_PROBLEM REQUIREMENTS_
Below are lines of data, and only some are wanted. Please repeat exactly those from the line that has "unfolding g_def by (rule xdiff_mult_piop)" through the line that has "by (simp only: xdiff_mult_piop)".

_EXERCISE INPUTS_

lemma sum_edges_diff_sq_le:
  assumes A: "finite A" and g: "supported_on A g" "\<forall>u. g u \<ge> 0" and \<theta>: "\<theta> > 0" and r: "rho_le r"
  shows "(\<Sum>e\<in>edges_at A. cond G e * \<bar>(g (end1 e))\<^sup>2 - (g (end2 e))\<^sup>2\<bar>)
    \<le> \<theta> / 2 * dirichlet_form A g g + 1 / (2 * \<theta>) * (8 * r * inner_on A g g)"
proof -
  have "(\<Sum>e\<in>edges_at A. cond G e * \<bar>(g (end1 e))\<^sup>2 - (g (end2 e))\<^sup>2\<bar>) \<le>
     (\<Sum>e\<in>edges_at A. \<theta> / 2 * (weight e * (g (end1 e) - g (end2 e)) * (g (end1 e) - g (end2 e)))
       + 1 / (2 * \<theta>) * (cond G e * len G e * (g (end1 e) + g (end2 e))\<^sup>2))"
  proof (rule sum_mono)
    fix e
    have "(g (end1 e))\<^sup>2 - (g (end2 e))\<^sup>2 = (g (end1 e) - g (end2 e)) * (g (end1 e) + g (end2 e))"
      by (simp add: power2_eq_square algebra_simps)
    then have "\<bar>(g (end1 e))\<^sup>2 - (g (end2 e))\<^sup>2\<bar> = \<bar>g (end1 e) - g (end2 e)\<bar> * (g (end1 e) + g (end2 e))"
      using g(2) by (simp add: abs_mult)
    moreover have "g (end1 e) + g (end2 e) \<ge> 0" using g(2) by simp
    note weighted_amgm[OF cond_pos[of e] len_pos[of e] \<theta> this, of "g (end1 e) - g (end2 e)"]
    ultimately show "cond G e * \<bar>(g (end1 e))\<^sup>2 - (g (end2 e))\<^sup>2\<bar> \<le>
        \<theta> / 2 * (weight e * (g (end1 e) - g (end2 e)) * (g (end1 e) - g (end2 e)))
        + 1 / (2 * \<theta>) * (cond G e * len G e * (g (end1 e) + g (end2 e))\<^sup>2)"
      by (simp add: weight_def power2_eq_square mult_ac)
  qed
  also have "\<dots> = \<theta> / 2 * dirichlet_form A g g
      + 1 / (2 * \<theta>) * (\<Sum>e\<in>edges_at A. cond G e * len G e * (g (end1 e) + g (end2 e))\<^sup>2)"
    by (simp add: dirichlet_form_def sum.distrib sum_distrib_left)
  also have "\<dots> \<le> \<theta> / 2 * dirichlet_form A g g + 1 / (2 * \<theta>) * (8 * r * inner_on A g g)"
    using sum_edges_endpoint_sum_sq_le[OF A g(1) r] \<theta> by (intro add_left_mono mult_left_mono) auto
  finally show ?thesis .
qed
lemma vandermonde_mult_piop_bab:
  "xdiff a * xdiff (Suc a) * (X a - X (Suc (Suc a))) * piop (Suc a) (piop a (piop (Suc a) f))
   = X a ^ 2 * (X (Suc a) * f - X (Suc (Suc a)) * sact (Suc a) f)
     - X (Suc a) ^ 2 * (X a * sact a f - X (Suc (Suc a)) * sact a (sact (Suc a) f))
     + X (Suc (Suc a)) ^ 2 * (X a * sact (Suc a) (sact a f)
         - X (Suc a) * sact (Suc a) (sact a (sact (Suc a) f)))"
  (is "?D1 * ?D2 * ?D13 * _ = ?rhs")
proof -
  let ?x1 = "X a" and ?x2 = "X (Suc a)" and ?x3 = "X (Suc (Suc a))"
  let ?s1 = "sact a" and ?s2 = "sact (Suc a)"
  define g where "g = piop (Suc a) f"
  define h where "h = piop a g"
  have E1: "?D2 * g = ?x2 * f - ?x3 * ?s2 f"
    unfolding g_def by (rule xdiff_mult_piop)
  have E2: "?D1 * h = ?x1 * g - ?x2 * ?s1 g"
    unfolding h_def by (rule xdiff_mult_piop)
  have "?s2 g = g"
    unfolding g_def by simp
  then have G1: "?D13 * ?s2 h = ?x1 * g - ?x3 * ?s2 (?s1 g)"
    using arg_cong[OF E2, of ?s2] by (simp add: xdiff_def)
  have G2: "?D13 * ?s1 g = ?x1 * ?s1 f - ?x3 * ?s1 (?s2 f)"
    using arg_cong[OF E1, of ?s1] by (simp add: xdiff_def)
  have G3: "?D1 * ?s2 (?s1 g) = ?x1 * ?s2 (?s1 f) - ?x2 * ?s2 (?s1 (?s2 f))"
    using arg_cong[OF E1, of "\<lambda>u. ?s2 (?s1 u)"] by (simp add: xdiff_def)
  have "?D1 * ?D2 * ?D13 * piop (Suc a) h = ?D1 * ?D13 * (?D2 * piop (Suc a) h)"
    by (simp only: ac_simps)
  also have "\<dots> = ?D1 * ?D13 * (?x2 * h - ?x3 * ?s2 h)"
    by (simp only: xdiff_mult_piop)
  also have "\<dots> = ?x2 * ?D13 * (?D1 * h) - ?x3 * ?D1 * (?D13 * ?s2 h)"
    by (simp add: algebra_simps)
  also have "\<dots> = ?x1 ^ 2 * (?D2 * g) - ?x2 ^ 2 * (?D13 * ?s1 g) + ?x3 ^ 2 * (?D1 * ?s2 (?s1 g))"
    unfolding E2 G1 by (simp add: xdiff_def algebra_simps power2_eq_square)
  also have "\<dots> = ?rhs"
    by (simp only: E1 G2 G3)
  finally show ?thesis
    by (simp only: g_def h_def)
qed
definition shift_proc :: "(real \<Rightarrow> 'a \<Rightarrow> 'v::real_normed_vector) \<Rightarrow> 'a \<times> real \<Rightarrow> (real \<Rightarrow> 'v)" where
  "shift_proc X p = (\<lambda>s. if 0 \<le> s then X (snd p + s) (fst p) - X (snd p) (fst p) else 0)"

definition sigma_shift :: "'a measure \<Rightarrow> (real \<Rightarrow> 'a \<Rightarrow> 'v::euclidean_space) \<Rightarrow> ('a \<times> real) set set" where
  "sigma_shift M X = sets (vimage_algebra (space M \<times> {0..}) (shift_proc X) Dmeasure)"

definition optional_sets :: "'a measure \<Rightarrow> (real \<Rightarrow> 'a set set) \<Rightarrow> ('a \<times> real) set set" where
  "optional_sets M F = sigma_sets (space M \<times> {0..})
     {{p \<in> space M \<times> {0..}. Y (snd p) (fst p) \<in> B} | (Y :: real \<Rightarrow> 'a \<Rightarrow> real) B.
        adapted M F Y \<and> (\<forall>\<omega>\<in>space M. cadlag (\<lambda>t. Y t \<omega>)) \<and> B \<in> sets borel}"

definition prod_sets :: "'a measure \<Rightarrow> ('a \<times> real) set set" where
  "prod_sets M = sets (M \<Otimes>\<^sub>M restrict_space borel {0::real..})"

definition join_sets :: "'a measure \<Rightarrow> ('a \<times> real) set set \<Rightarrow> ('a \<times> real) set set \<Rightarrow> ('a \<times> real) set set" where
  "join_sets M A B = sigma_sets (space M \<times> {0..}) (A \<union> B)"

definition evanescent :: "'a measure \<Rightarrow> ('a \<times> real) set \<Rightarrow> bool" where
  "evanescent M S \<longleftrightarrow> (\<exists>N\<in>null_sets M. fst ` S \<subseteq> N)"

definition eq_upto_null :: "'a measure \<Rightarrow> 'a set set \<Rightarrow> 'a set set \<Rightarrow> bool" where
  "eq_upto_null M A B \<longleftrightarrow>
     (\<forall>S\<in>A. \<exists>S'\<in>B. \<exists>N\<in>null_sets M. ((S - S') \<union> (S' - S)) \<subseteq> N) \<and>
     (\<forall>S\<in>B. \<exists>S'\<in>A. \<exists>N\<in>null_sets M. ((S - S') \<union> (S' - S)) \<subseteq> N)"

definition eq_upto_evanescent :: "'a measure \<Rightarrow> ('a \<times> real) set set \<Rightarrow> ('a \<times> real) set set \<Rightarrow> bool" where
  "eq_upto_evanescent M A B \<longleftrightarrow>
     (\<forall>S\<in>A. \<exists>S'\<in>B. evanescent M (((S - S') \<union> (S' - S)))) \<and>
     (\<forall>S\<in>B. \<exists>S'\<in>A. evanescent M (((S - S') \<union> (S' - S))))"

end

theory Submission
  imports Defs
begin

text \<open>
  The two sigma-fields in question are \<open>\<G> \<otimes> \<B>\<close> and \<open>\<J> = \<O> \<or> \<sigma>(\<blacktriangle>X)\<close>.
  Every adapted process with right-continuous paths is jointly measurable, and so is the shift
  map, whose coordinates are \<open>X\<^sub>t\<^sub>+\<^sub>s - X\<^sub>t\<close>; hence \<open>\<J> \<subseteq> \<G> \<otimes> \<B>\<close>.
  Conversely, the time coordinate is optional, and for fixed \<open>u\<close> the value \<open>X\<^sub>u(\<omega>)\<close> is
  \<open>X\<^bsub>u \<and> t\<^esub>(\<omega>)\<close> for \<open>t \<ge> u\<close> (an optional process) and \<open>X\<^sub>t(\<omega>) + (\<blacktriangle>X)(\<omega>,t)(u - t)\<close>
  for \<open>t < u\<close>, which is \<open>\<J>\<close>-measurable because the path \<open>(\<blacktriangle>X)(\<omega>,t)\<close> is right-continuous.
  So \<open>\<sigma>(X) \<otimes> \<B> \<subseteq> \<J>\<close>, which gives the first claim. For the second, the sets of \<open>\<G> \<otimes> \<B>\<close>
  that differ from a set of \<open>\<J>\<close> by an evanescent set form a sigma-field containing the
  rectangles \<open>A \<times> B\<close>: replace \<open>A\<close> by an element of \<open>\<sigma>(X)\<close> differing from it by a null set.
\<close>

lemma filterlim_add_at_right:
  fixes t s0 :: real
  shows "filterlim (\<lambda>s. t + s) (at_right (t + s0)) (at_right s0)"
  unfolding filterlim_at
  by (auto intro!: tendsto_eq_intros eventually_mono[OF eventually_at_right_less])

_FINAL ANSWER_
    unfolding g_def by (rule xdiff_mult_piop)
  have E2: "?D1 * h = ?x1 * g - ?x2 * ?s1 g"
    unfolding h_def by (rule xdiff_mult_piop)
  have "?s2 g = g"
    unfolding g_def by simp
  then have G1: "?D13 * ?s2 h = ?x1 * g - ?x3 * ?s2 (?s1 g)"
    using arg_cong[OF E2, of ?s2] by (simp add: xdiff_def)
  have G2: "?D13 * ?s1 g = ?x1 * ?s1 f - ?x3 * ?s1 (?s2 f)"
    using arg_cong[OF E1, of ?s1] by (simp add: xdiff_def)
  have G3: "?D1 * ?s2 (?s1 g) = ?x1 * ?s2 (?s1 f) - ?x2 * ?s2 (?s1 (?s2 f))"
    using arg_cong[OF E1, of "\<lambda>u. ?s2 (?s1 u)"] by (simp add: xdiff_def)
  have "?D1 * ?D2 * ?D13 * piop (Suc a) h = ?D1 * ?D13 * (?D2 * piop (Suc a) h)"
    by (simp only: ac_simps)
  also have "\<dots> = ?D1 * ?D13 * (?x2 * h - ?x3 * ?s2 h)"
    by (simp only: xdiff_mult_piop)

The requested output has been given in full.